Scottish-born actress (b. 1979)

Pollyanna McIntosh (born 15 March 1979) is a Scottish actress and director known for her roles in films Exam (2009), The Woman (2011), Let Us Prey (2014), the first season of Joe R. Lansdale's Hap and Leonard (2016), and social issue horror film Darlin' (2019) which she wrote, directed and starred in. McIntosh also starred as Jadis in The Walking Dead franchise (2017–2024), Queen Ælfgifu of Denmark in the Netflix series Vikings: Valhalla (2022), and voices Kris in the Max adult animation series Scavengers Reign (2023).

==Biography==
Pollyanna McIntosh was born in Dunbartonshire, Scotland. From ages two to five, she and her family lived in Portugal. They then lived in Edinburgh before moving to Colombia. Her father was an actor, but he became a businessman working for a thread company so that he could spend more time with his family. McIntosh attended St. George's School for Girls.

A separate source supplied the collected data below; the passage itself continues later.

lemma CP_ideal_join_split:
  assumes "open_C_embedded X" "closed_ideal X P" "closed_ideal X Q"
    and "h \<in> CP X (ideal_join P Q)"
  obtains f g where "f \<in> CP X P" "g \<in> CP X Q" "\<And>x. h x = f x + g x"
proof -
  obtain A B where A: "A \<in> P" and B: "B \<in> Q" and AB: "X closure_of discont_pts X h = A \<union> B"
    using assms(4) unfolding CP_def ideal_join_def by blast
  have closed: "closedin X A" "closedin X B"
    using closed_ideal_imp_closedin[OF assms(2) A] closed_ideal_imp_closedin[OF assms(3) B] .
  have "discont_pts X h \<subseteq> A \<union> B"
    using closure_of_subset[OF discont_pts_subset_topspace, of X h] AB by simp
  then have "continuous_map (subtopology X (topspace X - (A \<union> B))) euclideanreal h"
    by (rule continuous_map_off_discont_pts)
  moreover have "openin X (topspace X - (A \<union> B))"
    using closed by (intro openin_diff openin_topspace closedin_Un)
  ultimately obtain k where k: "continuous_map X euclideanreal k"
    and kh: "\<And>x. x \<in> topspace X - (A \<union> B) \<Longrightarrow> k x = h x"
    using open_C_embeddedD[OF assms(1)] by metis
  define f where "f x = (if x \<in> A then h x - k x else 0)" for x
  have "f \<in> real_funs X"
    using closedin_subset[OF closed(1)] by (auto simp: f_def real_funs_def)
  moreover have "discont_pts X f \<subseteq> A"
    by (rule discont_pts_subset_if_eq_continuous_off[OF closed(1), where k = "\<lambda>_. 0"])
      (simp_all add: f_def)
  ultimately have f: "f \<in> CP X P"
    by (rule CP_memI[OF assms(2) _ A])
  have "(\<lambda>x. h x - f x) \<in> real_funs X"
    using \<open>f \<in> real_funs X\<close> assms(4) by (simp add: CP_def real_funs_def)
  moreover have "discont_pts X (\<lambda>x. h x - f x) \<subseteq> B"
    by (rule discont_pts_subset_if_eq_continuous_off[OF closed(2) k]) (auto simp: f_def kh)
  ultimately have "(\<lambda>x. h x - f x) \<in> CP X Q"
    by (rule CP_memI[OF assms(3) _ B])
  with f show thesis
    by (rule that) simp
qed

lemma CP_ideal_join_subset_prod_sums:
  assumes "open_C_embedded X" "closed_ideal X P" "closed_ideal X Q"
  shows "CP X (ideal_join P Q) \<subseteq> prod_sums (CP X P) (CP X Q)"
proof
  fix h assume "h \<in> CP X (ideal_join P Q)"
  then obtain f g where f: "f \<in> CP X P" and g: "g \<in> CP X Q" and h: "\<And>x. h x = f x + g x"
    using CP_ideal_join_split[OF assms] by blast
  define e where "e x = (if x \<in> topspace X then 1 else 0 :: real)" for x
  have "e \<in> CP X P" "e \<in> CP X Q"
    unfolding e_def by (rule const_on_topspace_in_CP[OF assms(2)] const_on_topspace_in_CP[OF assms(3)])+
  moreover have "h = (\<lambda>x. f x * e x + e x * g x)"
    using f g by (auto simp: h e_def CP_def real_funs_def)
  ultimately show "h \<in> prod_sums (CP X P) (CP X Q)"
    using add_prod_in_prod_sums[OF f _ _ g] by simp
qed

McIntosh debuted as an actress aged 16, appearing in London's independent film and theatre as both an actress and director. In 2004, she moved to Los Angeles and directed the stage production The Woolgatherer with Anne Dudek and Dyan David Fisher. In 2005, she received her first film role in Headspace. In 2009, she starred in Exam and was nominated for both Best Work of a Rookie at the BAFTA Awards and the Raindance Award at the British Independent Film Awards. In 2011, she was cast in the film The Woman for which she was nominated for Best Actress at the Fangoria Chainsaw Awards. In 2016, she was cast as Angel in the SundanceTV series Hap and Leonard and was cast the following year as Jadis ("Anne") in a starring role on The Walking Dead.
Her debut feature as a script writer and director, the social issue horror film Darlin', premiered at the South-by-Southwest festival in Austin, Texas in March 2019.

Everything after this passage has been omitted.